BTW, modern x86 CPUs have hardware arbitration for the case when multiple cores contend for atomic read-modify-write to the same cache line (and thus are holding onto it for multiple clock cycles to make lock add byte [rdi], 1 atomic), but regular loads/stores only need to own a cache line for a single cycle to execute a load or commit a store. I think the arbitration for locked instructions is a different thing from which core wins when multiple cores are trying to commit stores to the same cache line. Unless you use a pause instruction, cores assume that other cores aren't modifying the same cache line, and speculatively load early, and thus will suffer memory-ordering mis-speculation if it does happen. (What are the latency and throughput costs of producer-consumer sharing of a memory location between hyper-siblings versus non-hyper siblings?)

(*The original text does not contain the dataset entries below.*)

text \<open>Left-invariant geometry on a Lie group, expressed on its Lie algebra.
  The Lie algebra is a finite-dimensional real inner product space (type class
  euclidean_space, inner product = bi-invariant metric h0) with bracket br.
  A left-invariant metric is given by h(U,V) = inner (Phi U) V.\<close>

definition metric_of :: "('a::real_inner \<Rightarrow> 'a) \<Rightarrow> 'a \<Rightarrow> 'a \<Rightarrow> real" where
  "metric_of Phi = (\<lambda>U V. inner (Phi U) V)"

text \<open>Levi-Civita connection on left-invariant vector fields: the unique
  torsion-free connection compatible with h (h(Y,Z) is constant for
  left-invariant fields, so X h(Y,Z) = 0).\<close>
definition LC :: "('a \<Rightarrow> 'a \<Rightarrow> 'a::real_vector) \<Rightarrow> ('a \<Rightarrow> 'a \<Rightarrow> real) \<Rightarrow> 'a \<Rightarrow> 'a \<Rightarrow> 'a" where
  "LC br h = (THE nb. (\<forall>X Y. nb X Y - nb Y X = br X Y) \<and>
                      (\<forall>X Y Z. h (nb X Y) Z + h Y (nb X Z) = 0))"

definition curvR :: "('a \<Rightarrow> 'a \<Rightarrow> 'a::real_vector) \<Rightarrow> ('a \<Rightarrow> 'a \<Rightarrow> real) \<Rightarrow> 'a \<Rightarrow> 'a \<Rightarrow> 'a \<Rightarrow> 'a" where
  "curvR br h X Y Z = LC br h X (LC br h Y Z) - LC br h Y (LC br h X Z) - LC br h (br X Y) Z"

definition seck :: "('a \<Rightarrow> 'a \<Rightarrow> 'a::real_vector) \<Rightarrow> ('a \<Rightarrow> 'a \<Rightarrow> real) \<Rightarrow> 'a \<Rightarrow> 'a \<Rightarrow> real" where
  "seck br h Z1 Z2 = h (curvR br h Z1 Z2 Z2) Z1"

definition vA :: "('a \<Rightarrow> 'a \<Rightarrow> 'a) \<Rightarrow> ('a \<Rightarrow> 'a) \<Rightarrow> 'a \<Rightarrow> 'a \<Rightarrow> 'a::real_vector" where
  "vA br Psi X Y = br (Psi X) Y + br X (Psi Y)"
definition vB :: "('a \<Rightarrow> 'a \<Rightarrow> 'a) \<Rightarrow> ('a \<Rightarrow> 'a) \<Rightarrow> 'a \<Rightarrow> 'a \<Rightarrow> 'a::real_vector" where
  "vB br Psi X Y = br (Psi X) (Psi Y)"
definition vC :: "('a \<Rightarrow> 'a \<Rightarrow> 'a) \<Rightarrow> ('a \<Rightarrow> 'a) \<Rightarrow> 'a \<Rightarrow> 'a \<Rightarrow> 'a::real_vector" where
  "vC br Psi X Y = br (Psi X) Y + br (Psi Y) X"
definition vD :: "('a \<Rightarrow> 'a \<Rightarrow> 'a) \<Rightarrow> ('a \<Rightarrow> 'a) \<Rightarrow> 'a \<Rightarrow> 'a \<Rightarrow> 'a::real_vector" where
  "vD br Psi X Y = Psi (Psi (br X Y)) - Psi (vA br Psi X Y) + vB br Psi X Y"

end

theory Submission
  imports Defs
begin

text \<open>The Koszul formula and ad-invariance of the bi-invariant metric give the Levi-Civita
  connection of h(U,V) = <Phi U, V> in closed form:
  nabla_U V = 1/2 ([U,V] + Phi^-1 ([U, Phi V] + [V, Phi U])).
  Along the path Phi_t^-1 = I - t Psi is affine in t, so with x = Phi_t^-1 X and y = Phi_t^-1 Y
  every term of kappa(t) is a polynomial in t except h_t([x,y],[x,y]). Writing
  [x,y] = Phi_t^-1 q + t^2 D with q polynomial in t isolates the only non-polynomial part,
  t^4 <Phi_t D, D>, and the Neumann series Phi_t = sum t^n Psi^n makes kappa a power series
  converging for |t| |Psi| < 1, whose coefficients are therefore its Taylor coefficients.\<close>

section \<open>The Levi-Civita connection of a left-invariant metric\<close>

lemma koszul_formula:
  fixes nb br :: "'a::real_vector \<Rightarrow> 'a \<Rightarrow> 'a" and h :: "'a \<Rightarrow> 'a \<Rightarrow> real"
  assumes torsion_free: "\<And>X Y. nb X Y - nb Y X = br X Y"
    and metric: "\<And>X Y Z. h (nb X Y) Z + h Y (nb X Z) = 0"
    and sym: "\<And>U V. h U V = h V U"
    and diff_left: "\<And>U V Z. h (U - V) Z = h U Z - h V Z"
  shows "2 * h (nb X Y) Z = h (br X Y) Z - h (br Y Z) X + h (br Z X) Y"
proof -
  have skew: "h (nb U V) W = - h (nb U W) V" for U V W
    using metric sym by (metis add_eq_0_iff)
  have torsion: "h (nb U V) W - h (nb V U) W = h (br U V) W" for U V W
    using torsion_free diff_left by metis
  show ?thesis
    using skew[of X Y Z] skew[of Y X Z] skew[of Z Y X] skew[of X Z Y]
      torsion[of X Y Z] torsion[of Y Z X] torsion[of Z X Y]
    by linarith
qed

IDK if anything similar happens when two threads are both just storing without loading, but probably not because stores aren't speculatively reordered and are decoupled from out-of-order execution by the store queue. Once a store instruction retires, the store is definitely going to happen, so OoO exec doesn't have to wait for it to actually commit. (And in fact it has to retirem from the OoO core before it can commit, because that's how the CPU knows it's non-speculative; i.e. that no earlier instruction faulted or was a mispredicted branch)


Footnotes:

  1. Spectre blurs that line by using a cache-timing attack to read microarchitectural state into the architectural state.